## What you are asked to do
The response should contain every record, reproduced exactly.

## Excerpted data
lemma cos_half_2pi_3_minus_le:
  assumes "0 \<le> h"
  shows "cos ((2*pi/3 - h) / 2) \<le> 1/2 + h/2"
proof -
  have "sqrt 3 / 2 * sin (h/2) \<le> sqrt 3 / 2 * \<bar>sin (h/2)\<bar>"
    by (intro mult_left_mono) auto
  also have "\<dots> \<le> \<bar>sin (h/2)\<bar>"
    using sqrt_3_bounds(2) by (intro mult_left_le_one_le) auto
  also have "\<dots> \<le> h/2"
    using abs_sin_x_le_abs_x[of "h/2"] assms by simp
  finally show ?thesis
    unfolding half_angle_2pi_3_minus using cos_le_one[of "h/2"] by linarith
qed

lemma cos_half_2pi_3_minus_ge:
  assumes "0 \<le> h" "h \<le> 2/5"
  shows "49/100 \<le> cos ((2*pi/3 - h) / 2)"
proof -
  have "1 - h ^ 2 / 8 \<le> cos (h/2)"
    using cos_x_ge_1_minus_x2_div_2[of "h/2"] by (simp add: power_divide)
  moreover have "h ^ 2 \<le> 4/25"
    using power_mono[OF assms(2,1), of 2] by (simp add: power2_eq_square)
  moreover have "0 \<le> sqrt 3 / 2 * sin (h/2)"
    using assms pi_ge_two by (intro mult_nonneg_nonneg sin_ge_zero) auto
  ultimately show ?thesis
    unfolding half_angle_2pi_3_minus by linarith
qed

lemma sin_half_mult_two_cos_half_minus_one_ge:
  assumes "0 \<le> h" "h \<le> 1"
  shows "3/4 * h - 55/100 * h ^ 2 \<le> sin ((2*pi/3 - h) / 2) * (2 * cos ((2*pi/3 - h) / 2) - 1)"
proof -
  define r where "r = sqrt 3"
  have r: "1732/1000 \<le> r" "r \<le> 17321/10000" "r * r = 3"
    unfolding r_def using sqrt_3_bounds by simp_all
  have h2: "h ^ 2 \<le> h" and h3: "h ^ 3 \<le> h"
    using power_decreasing[of 1 _ h] assms by simp_all
  define s0 where "s0 = r/2 - h/2"
  define t0 where "t0 = r * h / 2 - h ^ 2 / 8 - r * h ^ 3 / 48"
  have "s0 \<le> sin ((2*pi/3 - h) / 2)"
    unfolding s0_def r_def using assms by (intro sin_half_2pi_3_minus_ge) auto
  moreover have "t0 \<le> 2 * cos ((2*pi/3 - h) / 2) - 1"
    unfolding t0_def r_def using assms(1) by (rule two_cos_half_2pi_3_minus_ge)
  moreover have "0 \<le> s0"
    unfolding s0_def using r assms by simp
  moreover have "r * h ^ 3 \<le> 2 * h"
    using r h3 assms by (intro mult_mono) auto
  then have "0 \<le> t0"
    unfolding t0_def using r h2 assms mult_right_mono[OF r(1) assms(1)] by linarith
  ultimately have "s0 * t0 \<le> sin ((2*pi/3 - h) / 2) * (2 * cos ((2*pi/3 - h) / 2) - 1)"
    by (intro mult_mono) auto
  moreover have "s0 * t0 = (r * r) * (h/4 - h ^ 3 / 96) - 5/16 * (r * h ^ 2) + h ^ 3 / 16 + r * h ^ 4 / 96"
    unfolding s0_def t0_def by (simp add: field_simps power2_eq_square power3_eq_cube power4_eq_xxxx)
  then have "s0 * t0 = 3/4 * h - 5/16 * (r * h ^ 2) + h ^ 3 / 32 + r * h ^ 4 / 96"
    unfolding r(3) by simp
  moreover have "r * h ^ 2 \<le> 17321/10000 * h ^ 2"
    using r by (intro mult_right_mono) auto
  moreover have "0 \<le> h ^ 2" "0 \<le> h ^ 3" "0 \<le> r * h ^ 4"
    using r assms by simp_all
  ultimately show ?thesis
    by linarith
qed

## The completed task
lemma cos_half_2pi_3_minus_le:
  assumes "0 \<le> h"
  shows "cos ((2*pi/3 - h) / 2) \<le> 1/2 + h/2"
proof -
  have "sqrt 3 / 2 * sin (h/2) \<le> sqrt 3 / 2 * \<bar>sin (h/2)\<bar>"
    by (intro mult_left_mono) auto
  also have "\<dots> \<le> \<bar>sin (h/2)\<bar>"
    using sqrt_3_bounds(2) by (intro mult_left_le_one_le) auto
  also have "\<dots> \<le> h/2"
    using abs_sin_x_le_abs_x[of "h/2"] assms by simp
  finally show ?thesis
    unfolding half_angle_2pi_3_minus using cos_le_one[of "h/2"] by linarith
qed

lemma cos_half_2pi_3_minus_ge:
  assumes "0 \<le> h" "h \<le> 2/5"
  shows "49/100 \<le> cos ((2*pi/3 - h) / 2)"
proof -
  have "1 - h ^ 2 / 8 \<le> cos (h/2)"
    using cos_x_ge_1_minus_x2_div_2[of "h/2"] by (simp add: power_divide)
  moreover have "h ^ 2 \<le> 4/25"
    using power_mono[OF assms(2,1), of 2] by (simp add: power2_eq_square)
  moreover have "0 \<le> sqrt 3 / 2 * sin (h/2)"
    using assms pi_ge_two by (intro mult_nonneg_nonneg sin_ge_zero) auto
  ultimately show ?thesis
    unfolding half_angle_2pi_3_minus by linarith
qed

lemma sin_half_mult_two_cos_half_minus_one_ge:
  assumes "0 \<le> h" "h \<le> 1"
  shows "3/4 * h - 55/100 * h ^ 2 \<le> sin ((2*pi/3 - h) / 2) * (2 * cos ((2*pi/3 - h) / 2) - 1)"
proof -
  define r where "r = sqrt 3"
  have r: "1732/1000 \<le> r" "r \<le> 17321/10000" "r * r = 3"
    unfolding r_def using sqrt_3_bounds by simp_all
  have h2: "h ^ 2 \<le> h" and h3: "h ^ 3 \<le> h"
    using power_decreasing[of 1 _ h] assms by simp_all
  define s0 where "s0 = r/2 - h/2"
  define t0 where "t0 = r * h / 2 - h ^ 2 / 8 - r * h ^ 3 / 48"
  have "s0 \<le> sin ((2*pi/3 - h) / 2)"
    unfolding s0_def r_def using assms by (intro sin_half_2pi_3_minus_ge) auto
  moreover have "t0 \<le> 2 * cos ((2*pi/3 - h) / 2) - 1"
    unfolding t0_def r_def using assms(1) by (rule two_cos_half_2pi_3_minus_ge)
  moreover have "0 \<le> s0"
    unfolding s0_def using r assms by simp
  moreover have "r * h ^ 3 \<le> 2 * h"
    using r h3 assms by (intro mult_mono) auto
  then have "0 \<le> t0"
    unfolding t0_def using r h2 assms mult_right_mono[OF r(1) assms(1)] by linarith
  ultimately have "s0 * t0 \<le> sin ((2*pi/3 - h) / 2) * (2 * cos ((2*pi/3 - h) / 2) - 1)"
    by (intro mult_mono) auto
  moreover have "s0 * t0 = (r * r) * (h/4 - h ^ 3 / 96) - 5/16 * (r * h ^ 2) + h ^ 3 / 16 + r * h ^ 4 / 96"
    unfolding s0_def t0_def by (simp add: field_simps power2_eq_square power3_eq_cube power4_eq_xxxx)
  then have "s0 * t0 = 3/4 * h - 5/16 * (r * h ^ 2) + h ^ 3 / 32 + r * h ^ 4 / 96"
    unfolding r(3) by simp
  moreover have "r * h ^ 2 \<le> 17321/10000 * h ^ 2"
    using r by (intro mult_right_mono) auto
  moreover have "0 \<le> h ^ 2" "0 \<le> h ^ 3" "0 \<le> r * h ^ 4"
    using r assms by simp_all
  ultimately show ?thesis
    by linarith
qed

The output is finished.